What is needed is a copy of each line in the listing that contains "exists".

#### INFORMATION SHOWN
--- START ---

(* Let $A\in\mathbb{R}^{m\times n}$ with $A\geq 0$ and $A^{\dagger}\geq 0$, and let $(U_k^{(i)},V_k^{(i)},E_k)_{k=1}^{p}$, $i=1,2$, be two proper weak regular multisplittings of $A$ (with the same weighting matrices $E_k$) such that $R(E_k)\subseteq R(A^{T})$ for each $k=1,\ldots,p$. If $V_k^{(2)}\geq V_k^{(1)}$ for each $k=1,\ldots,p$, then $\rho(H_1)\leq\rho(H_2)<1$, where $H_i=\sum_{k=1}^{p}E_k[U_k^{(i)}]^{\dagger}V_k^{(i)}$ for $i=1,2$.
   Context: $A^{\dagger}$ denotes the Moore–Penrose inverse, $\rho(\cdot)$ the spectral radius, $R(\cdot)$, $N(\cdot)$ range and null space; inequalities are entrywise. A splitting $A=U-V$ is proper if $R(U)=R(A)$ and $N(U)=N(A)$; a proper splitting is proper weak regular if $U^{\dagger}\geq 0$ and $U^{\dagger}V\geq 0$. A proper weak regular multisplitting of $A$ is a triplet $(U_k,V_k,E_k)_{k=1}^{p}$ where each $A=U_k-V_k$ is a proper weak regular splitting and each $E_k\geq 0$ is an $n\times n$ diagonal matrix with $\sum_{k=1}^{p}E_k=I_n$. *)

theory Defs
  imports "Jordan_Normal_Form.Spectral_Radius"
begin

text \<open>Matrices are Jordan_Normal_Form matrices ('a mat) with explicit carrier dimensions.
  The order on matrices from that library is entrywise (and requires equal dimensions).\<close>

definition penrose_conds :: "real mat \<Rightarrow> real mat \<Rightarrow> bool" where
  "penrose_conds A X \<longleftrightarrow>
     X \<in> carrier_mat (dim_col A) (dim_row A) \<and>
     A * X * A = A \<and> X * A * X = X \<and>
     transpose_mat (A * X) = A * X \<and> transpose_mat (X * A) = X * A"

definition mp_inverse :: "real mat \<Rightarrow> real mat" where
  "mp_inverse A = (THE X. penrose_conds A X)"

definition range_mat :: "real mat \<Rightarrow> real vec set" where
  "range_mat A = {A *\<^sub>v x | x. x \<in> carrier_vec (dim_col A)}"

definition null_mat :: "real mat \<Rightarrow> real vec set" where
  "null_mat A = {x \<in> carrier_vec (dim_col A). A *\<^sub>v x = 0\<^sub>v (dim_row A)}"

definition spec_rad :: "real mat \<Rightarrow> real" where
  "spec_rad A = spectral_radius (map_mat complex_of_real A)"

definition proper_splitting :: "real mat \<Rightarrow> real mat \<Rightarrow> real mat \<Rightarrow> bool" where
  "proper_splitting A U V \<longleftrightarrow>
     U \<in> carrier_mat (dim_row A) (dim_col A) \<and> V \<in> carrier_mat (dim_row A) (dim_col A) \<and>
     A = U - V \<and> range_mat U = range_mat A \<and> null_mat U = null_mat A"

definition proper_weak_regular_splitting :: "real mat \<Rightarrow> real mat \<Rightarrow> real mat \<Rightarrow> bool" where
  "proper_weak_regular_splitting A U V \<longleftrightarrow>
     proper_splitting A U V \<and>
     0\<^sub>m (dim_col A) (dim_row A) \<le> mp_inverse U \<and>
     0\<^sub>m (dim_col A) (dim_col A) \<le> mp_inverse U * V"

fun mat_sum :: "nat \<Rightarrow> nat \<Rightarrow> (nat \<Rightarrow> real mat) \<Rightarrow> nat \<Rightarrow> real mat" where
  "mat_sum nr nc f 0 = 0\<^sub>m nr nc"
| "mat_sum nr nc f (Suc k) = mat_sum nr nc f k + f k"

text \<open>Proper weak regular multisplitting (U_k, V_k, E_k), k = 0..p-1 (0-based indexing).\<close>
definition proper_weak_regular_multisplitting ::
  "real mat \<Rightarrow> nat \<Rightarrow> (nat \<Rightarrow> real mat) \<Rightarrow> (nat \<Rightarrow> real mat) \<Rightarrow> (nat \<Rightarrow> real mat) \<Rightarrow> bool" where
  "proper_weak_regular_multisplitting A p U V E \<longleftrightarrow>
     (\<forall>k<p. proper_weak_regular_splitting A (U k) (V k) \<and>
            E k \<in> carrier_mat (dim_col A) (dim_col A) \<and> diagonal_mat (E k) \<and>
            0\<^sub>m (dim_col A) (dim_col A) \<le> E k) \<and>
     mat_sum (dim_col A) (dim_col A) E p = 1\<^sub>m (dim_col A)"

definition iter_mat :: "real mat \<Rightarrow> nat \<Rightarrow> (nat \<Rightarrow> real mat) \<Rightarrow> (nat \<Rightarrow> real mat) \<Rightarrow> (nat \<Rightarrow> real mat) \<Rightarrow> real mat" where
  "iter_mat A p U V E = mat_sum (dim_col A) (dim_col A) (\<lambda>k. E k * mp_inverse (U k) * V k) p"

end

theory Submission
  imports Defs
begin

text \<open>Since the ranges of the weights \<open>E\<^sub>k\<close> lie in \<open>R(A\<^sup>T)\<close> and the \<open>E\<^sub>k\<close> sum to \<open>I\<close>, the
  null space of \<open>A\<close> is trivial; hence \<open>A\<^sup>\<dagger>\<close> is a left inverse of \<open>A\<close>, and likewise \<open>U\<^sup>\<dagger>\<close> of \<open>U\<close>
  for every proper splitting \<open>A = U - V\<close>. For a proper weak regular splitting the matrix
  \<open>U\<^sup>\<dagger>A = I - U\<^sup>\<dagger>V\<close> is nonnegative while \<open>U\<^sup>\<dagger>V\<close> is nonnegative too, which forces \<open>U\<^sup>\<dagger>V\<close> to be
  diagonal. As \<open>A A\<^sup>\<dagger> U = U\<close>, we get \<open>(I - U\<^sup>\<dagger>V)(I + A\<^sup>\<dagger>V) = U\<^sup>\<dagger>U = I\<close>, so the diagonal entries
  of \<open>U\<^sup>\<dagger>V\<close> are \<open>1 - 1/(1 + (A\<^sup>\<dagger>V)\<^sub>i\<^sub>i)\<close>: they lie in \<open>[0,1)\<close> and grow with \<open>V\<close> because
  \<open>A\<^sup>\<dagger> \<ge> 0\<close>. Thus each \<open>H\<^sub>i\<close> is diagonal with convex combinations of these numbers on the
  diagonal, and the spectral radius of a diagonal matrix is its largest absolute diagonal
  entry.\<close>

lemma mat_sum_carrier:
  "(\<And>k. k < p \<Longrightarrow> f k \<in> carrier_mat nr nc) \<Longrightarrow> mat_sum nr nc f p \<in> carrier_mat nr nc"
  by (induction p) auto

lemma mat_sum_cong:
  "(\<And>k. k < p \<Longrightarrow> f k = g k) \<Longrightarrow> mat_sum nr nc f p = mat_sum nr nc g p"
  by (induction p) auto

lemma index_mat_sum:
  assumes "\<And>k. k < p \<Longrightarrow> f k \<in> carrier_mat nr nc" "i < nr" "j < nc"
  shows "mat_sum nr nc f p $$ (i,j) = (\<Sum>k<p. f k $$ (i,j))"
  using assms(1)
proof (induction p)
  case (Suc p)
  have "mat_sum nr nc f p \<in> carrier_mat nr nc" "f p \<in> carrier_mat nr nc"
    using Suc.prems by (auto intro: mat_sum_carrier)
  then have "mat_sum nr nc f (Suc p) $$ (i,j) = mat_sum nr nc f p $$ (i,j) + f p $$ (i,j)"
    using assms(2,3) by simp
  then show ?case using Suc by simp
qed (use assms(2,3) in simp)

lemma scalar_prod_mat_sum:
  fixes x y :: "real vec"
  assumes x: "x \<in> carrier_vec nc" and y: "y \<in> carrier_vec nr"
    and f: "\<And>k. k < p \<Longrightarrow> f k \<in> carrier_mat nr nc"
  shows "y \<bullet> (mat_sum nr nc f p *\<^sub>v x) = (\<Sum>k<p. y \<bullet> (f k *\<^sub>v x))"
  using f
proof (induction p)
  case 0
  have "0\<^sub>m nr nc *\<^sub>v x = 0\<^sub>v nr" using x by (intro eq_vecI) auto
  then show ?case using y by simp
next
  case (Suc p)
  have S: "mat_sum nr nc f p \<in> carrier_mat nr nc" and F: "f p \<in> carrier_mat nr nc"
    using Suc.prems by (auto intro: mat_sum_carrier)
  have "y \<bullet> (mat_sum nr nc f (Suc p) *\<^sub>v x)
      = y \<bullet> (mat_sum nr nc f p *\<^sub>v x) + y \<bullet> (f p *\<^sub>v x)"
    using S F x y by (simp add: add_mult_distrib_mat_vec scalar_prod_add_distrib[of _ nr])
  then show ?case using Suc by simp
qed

--- END ---
--- START ---

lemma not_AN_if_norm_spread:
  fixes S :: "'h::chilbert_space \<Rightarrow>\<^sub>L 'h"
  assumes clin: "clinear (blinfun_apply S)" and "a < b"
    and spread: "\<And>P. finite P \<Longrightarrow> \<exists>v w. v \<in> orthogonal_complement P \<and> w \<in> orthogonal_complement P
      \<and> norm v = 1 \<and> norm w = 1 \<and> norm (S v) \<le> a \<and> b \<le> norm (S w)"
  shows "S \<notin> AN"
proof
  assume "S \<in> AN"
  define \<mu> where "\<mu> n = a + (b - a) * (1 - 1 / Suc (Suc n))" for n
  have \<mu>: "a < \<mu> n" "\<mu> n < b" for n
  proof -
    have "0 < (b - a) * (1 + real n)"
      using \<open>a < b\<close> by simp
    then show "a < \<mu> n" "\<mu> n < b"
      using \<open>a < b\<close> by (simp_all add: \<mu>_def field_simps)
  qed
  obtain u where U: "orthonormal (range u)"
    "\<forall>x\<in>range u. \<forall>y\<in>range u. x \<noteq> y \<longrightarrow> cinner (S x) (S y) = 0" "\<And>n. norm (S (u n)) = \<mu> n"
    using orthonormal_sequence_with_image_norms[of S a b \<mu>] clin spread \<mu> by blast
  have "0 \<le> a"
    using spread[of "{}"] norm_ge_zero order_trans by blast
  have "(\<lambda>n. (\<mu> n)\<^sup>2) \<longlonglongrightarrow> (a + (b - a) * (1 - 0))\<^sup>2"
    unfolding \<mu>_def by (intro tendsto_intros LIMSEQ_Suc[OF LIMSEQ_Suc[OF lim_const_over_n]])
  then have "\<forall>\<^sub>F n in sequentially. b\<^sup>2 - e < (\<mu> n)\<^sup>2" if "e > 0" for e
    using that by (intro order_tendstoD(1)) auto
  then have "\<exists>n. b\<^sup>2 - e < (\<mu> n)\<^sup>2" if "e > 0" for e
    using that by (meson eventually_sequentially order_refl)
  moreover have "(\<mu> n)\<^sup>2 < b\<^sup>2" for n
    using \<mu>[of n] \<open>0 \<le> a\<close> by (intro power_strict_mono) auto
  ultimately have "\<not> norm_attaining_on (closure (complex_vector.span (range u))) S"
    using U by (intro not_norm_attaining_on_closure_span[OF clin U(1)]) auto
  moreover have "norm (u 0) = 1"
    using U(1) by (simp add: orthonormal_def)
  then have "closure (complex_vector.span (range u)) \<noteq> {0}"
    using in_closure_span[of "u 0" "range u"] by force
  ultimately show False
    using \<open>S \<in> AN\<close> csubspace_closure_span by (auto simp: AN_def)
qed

--- END ---
--- START ---

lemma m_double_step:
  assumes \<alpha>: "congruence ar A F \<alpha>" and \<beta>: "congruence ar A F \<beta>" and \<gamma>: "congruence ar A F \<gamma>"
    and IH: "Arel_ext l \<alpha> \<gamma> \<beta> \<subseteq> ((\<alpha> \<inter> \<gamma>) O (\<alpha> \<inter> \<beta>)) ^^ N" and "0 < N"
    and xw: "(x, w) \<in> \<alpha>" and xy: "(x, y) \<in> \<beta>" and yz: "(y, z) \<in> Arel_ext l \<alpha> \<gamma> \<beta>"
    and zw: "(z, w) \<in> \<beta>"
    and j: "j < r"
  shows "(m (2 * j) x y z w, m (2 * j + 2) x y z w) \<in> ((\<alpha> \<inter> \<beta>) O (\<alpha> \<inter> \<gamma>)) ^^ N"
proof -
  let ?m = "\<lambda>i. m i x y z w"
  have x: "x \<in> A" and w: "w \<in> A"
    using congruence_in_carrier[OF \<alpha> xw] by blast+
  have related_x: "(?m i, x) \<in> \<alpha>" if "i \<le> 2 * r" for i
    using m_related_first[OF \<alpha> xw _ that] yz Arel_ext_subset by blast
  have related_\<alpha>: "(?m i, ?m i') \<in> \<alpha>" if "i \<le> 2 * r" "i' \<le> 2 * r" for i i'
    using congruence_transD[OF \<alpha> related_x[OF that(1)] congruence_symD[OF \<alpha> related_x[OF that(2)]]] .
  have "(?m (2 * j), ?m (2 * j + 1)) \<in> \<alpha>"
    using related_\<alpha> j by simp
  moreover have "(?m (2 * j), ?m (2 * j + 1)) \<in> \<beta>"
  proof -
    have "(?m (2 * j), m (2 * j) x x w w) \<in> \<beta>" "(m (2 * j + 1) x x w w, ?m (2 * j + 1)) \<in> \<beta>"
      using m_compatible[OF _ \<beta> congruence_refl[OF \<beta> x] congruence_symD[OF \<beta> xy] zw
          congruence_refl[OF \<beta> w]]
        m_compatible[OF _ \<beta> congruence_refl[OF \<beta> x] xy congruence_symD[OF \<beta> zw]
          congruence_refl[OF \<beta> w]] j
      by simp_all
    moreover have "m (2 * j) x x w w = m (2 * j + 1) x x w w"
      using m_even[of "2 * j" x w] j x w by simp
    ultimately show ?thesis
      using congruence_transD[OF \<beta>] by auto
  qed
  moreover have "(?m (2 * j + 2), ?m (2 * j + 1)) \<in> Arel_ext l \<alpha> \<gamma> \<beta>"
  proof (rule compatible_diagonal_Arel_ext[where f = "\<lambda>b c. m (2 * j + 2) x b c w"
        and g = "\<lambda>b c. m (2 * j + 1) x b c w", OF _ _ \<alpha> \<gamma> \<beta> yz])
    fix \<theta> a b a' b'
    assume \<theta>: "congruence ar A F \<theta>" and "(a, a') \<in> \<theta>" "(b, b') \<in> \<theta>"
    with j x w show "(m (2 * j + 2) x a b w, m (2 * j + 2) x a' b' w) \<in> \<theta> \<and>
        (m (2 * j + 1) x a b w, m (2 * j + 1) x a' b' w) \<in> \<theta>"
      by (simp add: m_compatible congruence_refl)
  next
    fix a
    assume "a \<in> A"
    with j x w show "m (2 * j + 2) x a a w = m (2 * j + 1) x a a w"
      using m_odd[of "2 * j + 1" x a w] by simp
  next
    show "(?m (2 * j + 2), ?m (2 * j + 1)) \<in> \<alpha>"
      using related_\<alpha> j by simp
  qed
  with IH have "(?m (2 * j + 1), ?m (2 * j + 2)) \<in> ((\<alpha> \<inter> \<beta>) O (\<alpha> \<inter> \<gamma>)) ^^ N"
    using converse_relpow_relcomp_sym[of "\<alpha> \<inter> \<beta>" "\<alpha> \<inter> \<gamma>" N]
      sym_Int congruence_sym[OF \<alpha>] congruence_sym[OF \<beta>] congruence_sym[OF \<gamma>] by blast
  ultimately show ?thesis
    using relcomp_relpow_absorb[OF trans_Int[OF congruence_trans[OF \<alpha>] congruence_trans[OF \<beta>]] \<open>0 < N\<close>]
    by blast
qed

--- END ---

#### RESULT OF THE TASK
    and spread: "\<And>P. finite P \<Longrightarrow> \<exists>v w. v \<in> orthogonal_complement P \<and> w \<in> orthogonal_complement P
  then have "\<exists>n. b\<^sup>2 - e < (\<mu> n)\<^sup>2" if "e > 0" for e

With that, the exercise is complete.